Yes and no. The fact there is more metal to stretch does add resistance to lateral plastic flow (diameter expansion). However, unlike large rifle primers, which seem to be pretty uniformly stamped from 0.027" brass sheet,
small rifle primers come in a range of cup wall thicknesses, so you have the problem that some can blow out and pit your bolt face more easily than a large primer is likely to do.
If you do as board member F. Guffey does, and measure your chambers by transfer measurement and resize based on not moving the shoulder back too far from the length of your actual chamber headspace, you will have less impact expansion of the head to begin with. You will still have pressure-caused flow, but avoiding the initial slam helps. (Mr.

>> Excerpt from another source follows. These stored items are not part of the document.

(* Let $\rho=\sum_{i=1}^n P_i|e_i\rangle\langle e_i|$ be a state with finite energies $E_1,\dots,E_n$. Let $Z=\sum_i e^{-E_i/kT}$ and $A_i=e^{-E_i/kT}/Z$, and let $\sigma^T=\sum_i A_i|e_i\rangle\langle e_i|$ be the Gibbs state on the same energy levels. Then for every $\varepsilon\in[0,1)$, $$W^\varepsilon(\rho\to\sigma^T)=kT\ln 2\; D_0^\varepsilon(\rho\|\sigma^T).$$
   Context: Conventions. The constants $k>0$ (Boltzmann's constant) and $T>0$ (temperature) are fixed. A state is a finite-level system with energies $E_1,\dots,E_d\in\mathbb{R}\cup\{+\infty\}$, not all $+\infty$, together with a diagonal density matrix $\rho=\sum_i\lambda_i|e_i\rangle\langle e_i|$. Equivalently, it is a probability vector $(\lambda_i)$ over the levels, and we require $\lambda_i=0$ whenever $E_i=+\infty$. Gibbs rescaling. $G^T(\rho)$ is the function on $[0,\infty)$ built as follows. Each level $i$ with $E_i<\infty$ is represented by a block: an interval of length $e^{-E_i/kT}$ on which the function takes the constant value $\lambda_i e^{E_i/kT}$, so the block has area $\lambda_i$. The blocks are placed consecutively starting at $0$, in order of nonincreasing height. The function is $0$ beyond $Z=\sum_{i:E_i<\infty}e^{-E_i/kT}$. Thus $G^T(\rho)$ is a nonincreasing probability density supported in $[0,Z]$. Relative mixedness. For nonincreasing integrable functions $f,g\ge 0$ on $[0,\infty)$, $$M(f\|g):=\max\Big\{m>0:\ \int_0^l f(x)\,dx\ge\int_0^{lm}g(x)\,dx\ \text{for all } l\ge 0\Big\}.$$ For $\varepsilon\in[0,1)$ define $$W^\varepsilon(\rho\to\sigma):=kT\ln M\big(G^T(\rho)/(1-\varepsilon)\,\big\|\,G^T(\sigma)\big).$$ Smooth relative min-entropy. For commuting diagonal $\rho$ and $\sigma^T$ as in the claim, the (fractional) smooth relative entropy of order $0$ is $$D_0^\varepsilon(\rho\|\sigma^T):=-\log_2\min\Big\{\sum_i t_iA_i:\ t\in[0,1]^n,\ \sum_i t_iP_i\ge 1-\varepsilon\Big\}.$$ *)

theory Defs
  imports "HOL-Analysis.Analysis"
begin

text \<open>A state on levels 0..<n with (finite) energies E i and populations P i.
  kB is Boltzmann's constant, T the temperature.\<close>

definition block_width :: "real \<Rightarrow> real \<Rightarrow> (nat \<Rightarrow> real) \<Rightarrow> nat \<Rightarrow> real" where
  "block_width kB T E i = exp (- E i / (kB * T))"

definition block_height :: "real \<Rightarrow> real \<Rightarrow> (nat \<Rightarrow> real) \<Rightarrow> (nat \<Rightarrow> real) \<Rightarrow> nat \<Rightarrow> real" where
  "block_height kB T E P i = P i * exp (E i / (kB * T))"

definition height_sorting :: "real \<Rightarrow> real \<Rightarrow> nat \<Rightarrow> (nat \<Rightarrow> real) \<Rightarrow> (nat \<Rightarrow> real) \<Rightarrow> (nat \<Rightarrow> nat) \<Rightarrow> bool" where
  "height_sorting kB T n E P \<pi> \<longleftrightarrow> \<pi> permutes {..<n} \<and>
     (\<forall>j1 j2. j1 \<le> j2 \<and> j2 < n \<longrightarrow> block_height kB T E P (\<pi> j2) \<le> block_height kB T E P (\<pi> j1))"

text \<open>Gibbs rescaling G^T(rho): blocks placed consecutively from 0 in nonincreasing height,
  block j occupying [S j, S (j+1)), function 0 beyond Z.\<close>
definition gibbs_rescaling :: "real \<Rightarrow> real \<Rightarrow> nat \<Rightarrow> (nat \<Rightarrow> real) \<Rightarrow> (nat \<Rightarrow> real) \<Rightarrow> real \<Rightarrow> real" where
  "gibbs_rescaling kB T n E P x =
     (let \<pi> = (SOME \<pi>. height_sorting kB T n E P \<pi>);
          S = (\<lambda>j. \<Sum>m<j. block_width kB T E (\<pi> m))
      in \<Sum>j<n. if S j \<le> x \<and> x < S (Suc j) then block_height kB T E P (\<pi> j) else 0)"

definition rel_mixedness :: "(real \<Rightarrow> real) \<Rightarrow> (real \<Rightarrow> real) \<Rightarrow> real" where
  "rel_mixedness f g = (GREATEST m. m > 0 \<and>
     (\<forall>l\<ge>0. integral {0..l} f \<ge> integral {0..l * m} g))"

definition work_eps :: "real \<Rightarrow> real \<Rightarrow> real \<Rightarrow> nat \<Rightarrow> (nat \<Rightarrow> real) \<Rightarrow> (nat \<Rightarrow> real) \<Rightarrow> (nat \<Rightarrow> real) \<Rightarrow> real" where
  "work_eps kB T \<epsilon> n E P Q =
     kB * T * ln (rel_mixedness (\<lambda>x. gibbs_rescaling kB T n E P x / (1 - \<epsilon>))
                                (gibbs_rescaling kB T n E Q))"

text \<open>Fractional smooth relative min-entropy D_0^eps(rho||sigma) for commuting diagonal states
  with eigenvalues P i and A i.\<close>
definition D0_eps :: "real \<Rightarrow> nat \<Rightarrow> (nat \<Rightarrow> real) \<Rightarrow> (nat \<Rightarrow> real) \<Rightarrow> real" where
  "D0_eps \<epsilon> n P A = - log 2 (LEAST v. \<exists>t. (\<forall>i<n. 0 \<le> t i \<and> t i \<le> 1) \<and>
        (\<Sum>i<n. t i * P i) \<ge> 1 - \<epsilon> \<and> v = (\<Sum>i<n. t i * A i))"

end

theory Submission
  imports Defs
begin

(* Let w_i = e^{-E_i/kT} be the block widths, Z their sum, and lay the blocks of
   rho out in order of nonincreasing height P_i / w_i.  The integral of G^T(rho) over [0,l] is
   the "Lorenz curve" F(l) = sum_j tau_j(l) P_j, where tau_j(l) is the fraction of block j lying
   in [0,l]; the Gibbs state has the flat profile 1/Z on [0,Z], with integral min(y,Z)/Z.
   A greedy (fractional knapsack) argument shows that F(l) is the largest probability mass
   a test vector t in [0,1]^n can collect with Gibbs weight at most l/Z.  Hence, with
   L = min { l : F(l) >= 1 - eps }, both sides of the theorem are governed by L:
     min { sum t_i A_i : sum t_i P_i >= 1 - eps } = L / Z   and   M(G(rho)/(1-eps) || G(sigma)) = Z / L,
   so W^eps = kT ln (Z/L) = kT ln 2 * (-log2 (L/Z)) = kT ln 2 * D_0^eps. *)

lemma height_sorting_exists: "\<exists>\<pi>. height_sorting kB T n E P \<pi>"
proof -
  define f where "f = (\<lambda>i. - block_height kB T E P i)"
  define xs where "xs = sort_key f [0..<n]"
  have "mset xs = mset [0..<n]" by (simp add: xs_def)
  then obtain p where p: "p permutes {..<length [0..<n]}" "permute_list p [0..<n] = xs"
    by (rule mset_eq_permutation)
  have pn: "p permutes {..<n}" using p by simp
  have len: "length xs = n" using p(2) by auto
  have nth: "xs ! j = p j" if j: "j < n" for j
  proof -
    have "p j < n" using permutes_in_image[OF pn] j by auto
    then show ?thesis using p(2)[symmetric] p(1) j by (simp add: permute_list_nth)
  qed
  have sorted: "sorted (map f xs)" by (simp add: xs_def)
  show ?thesis unfolding height_sorting_def
  proof (intro exI conjI allI impI)
    show "p permutes {..<n}" by (rule pn)
    fix j1 j2 assume j: "j1 \<le> j2 \<and> j2 < n"
    then have "f (xs ! j1) \<le> f (xs ! j2)"
      using sorted_nth_mono[OF sorted, of j1 j2] len by simp
    then show "block_height kB T E P (p j2) \<le> block_height kB T E P (p j1)"
      using nth j by (simp add: f_def)
  qed
qed

lemma height_sorting_chosen:
  "height_sorting kB T n E P (SOME \<pi>. height_sorting kB T n E P \<pi>)"
  using height_sorting_exists by (rule someI_ex)

lemma block_width_pos: "0 < block_width kB T E i"
  by (simp add: block_width_def)

lemma block_height_eq: "block_height kB T E P i = P i / block_width kB T E i"
  by (simp add: block_height_def block_width_def exp_minus field_simps)

lemma interval_step_has_integral:
  fixes a b l c :: real
  assumes "0 \<le> a" "a \<le> b" "0 \<le> l"
  shows "((\<lambda>x. if a \<le> x \<and> x < b then c else 0) has_integral c * (min l b - min l a)) {0..l}"
proof (cases "a \<le> l")
  case True
  define d where "d = min l b"
  have ad: "a \<le> d" using True assms by (simp add: d_def)
  have "((\<lambda>x. c) has_integral c * (d - a)) {a..d}"
    using has_integral_const_real[of c a d] ad by (simp add: mult.commute)
  moreover have eq: "{a..d} \<inter> {0..l} = {a..d}"
    using assms ad by (auto simp: d_def)
  ultimately have "((\<lambda>x. if x \<in> {a..d} then c else 0) has_integral c * (d - a)) {0..l}"
    unfolding has_integral_restrict_Int eq by simp
  then have "((\<lambda>x. if a \<le> x \<and> x < b then c else 0) has_integral c * (d - a)) {0..l}"
    by (rule has_integral_spike_finite[where S="{d}", rotated 2]) (auto simp: d_def)
  then show ?thesis using True by (simp add: d_def)
next
  case False
  have "((\<lambda>x. if a \<le> x \<and> x < b then c else 0) has_integral 0) {0..l}"
    by (rule has_integral_spike_finite[where S="{}", OF _ _ has_integral_0]) (use False in auto)
  then show ?thesis using False assms by simp
qed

Guffey invented a nice tool that measures flash hole expansion as the earliest sign of a case head starting to get too wide, and he was kind enough to send me one. Unfortunately, I don't think he has it in current production.) The problem, in part, is that every maker seems to use slightly different alloys and levels of work hardening at the head. Because they sometimes outsource brass forming among one another (see the current Norma manual for how unexpectedly frequent this is; Norma has made Federal and RWS and Remington cases at times), you also can't just rely on a certain brand to be a certain way always. You have to check each lot. When you do, you'll find some lots handle pressure better than others, while still others let you get more reloads before they start to split. There always seem to be trade-offs.
There is a second, less commonly referenced consideration: Small primers contribute less to the total start pressure. This means primer-to-primer variation is lower when you use a small base primer, and still lower when you have the smaller European small primer flash holes. if the powder you use fills the case well, so there isn't significant extra space in need of primer pressurization, and if the powder ignites easily, like a single-base stick powder, then there is potential for improved velocity and pressure curve consistency. I remember about 15 or 20 years ago RWS produced and unusually mild lot of small rifle primers and the benchrest community went into panic buying mode over them, trying to get all they could. They found it helped produce smaller groups in their circumstances. One could argue about why, but I just wanted to throw it out there so it can be viewed as one more variable to experiment with in brass that has both primer pocket sizes available.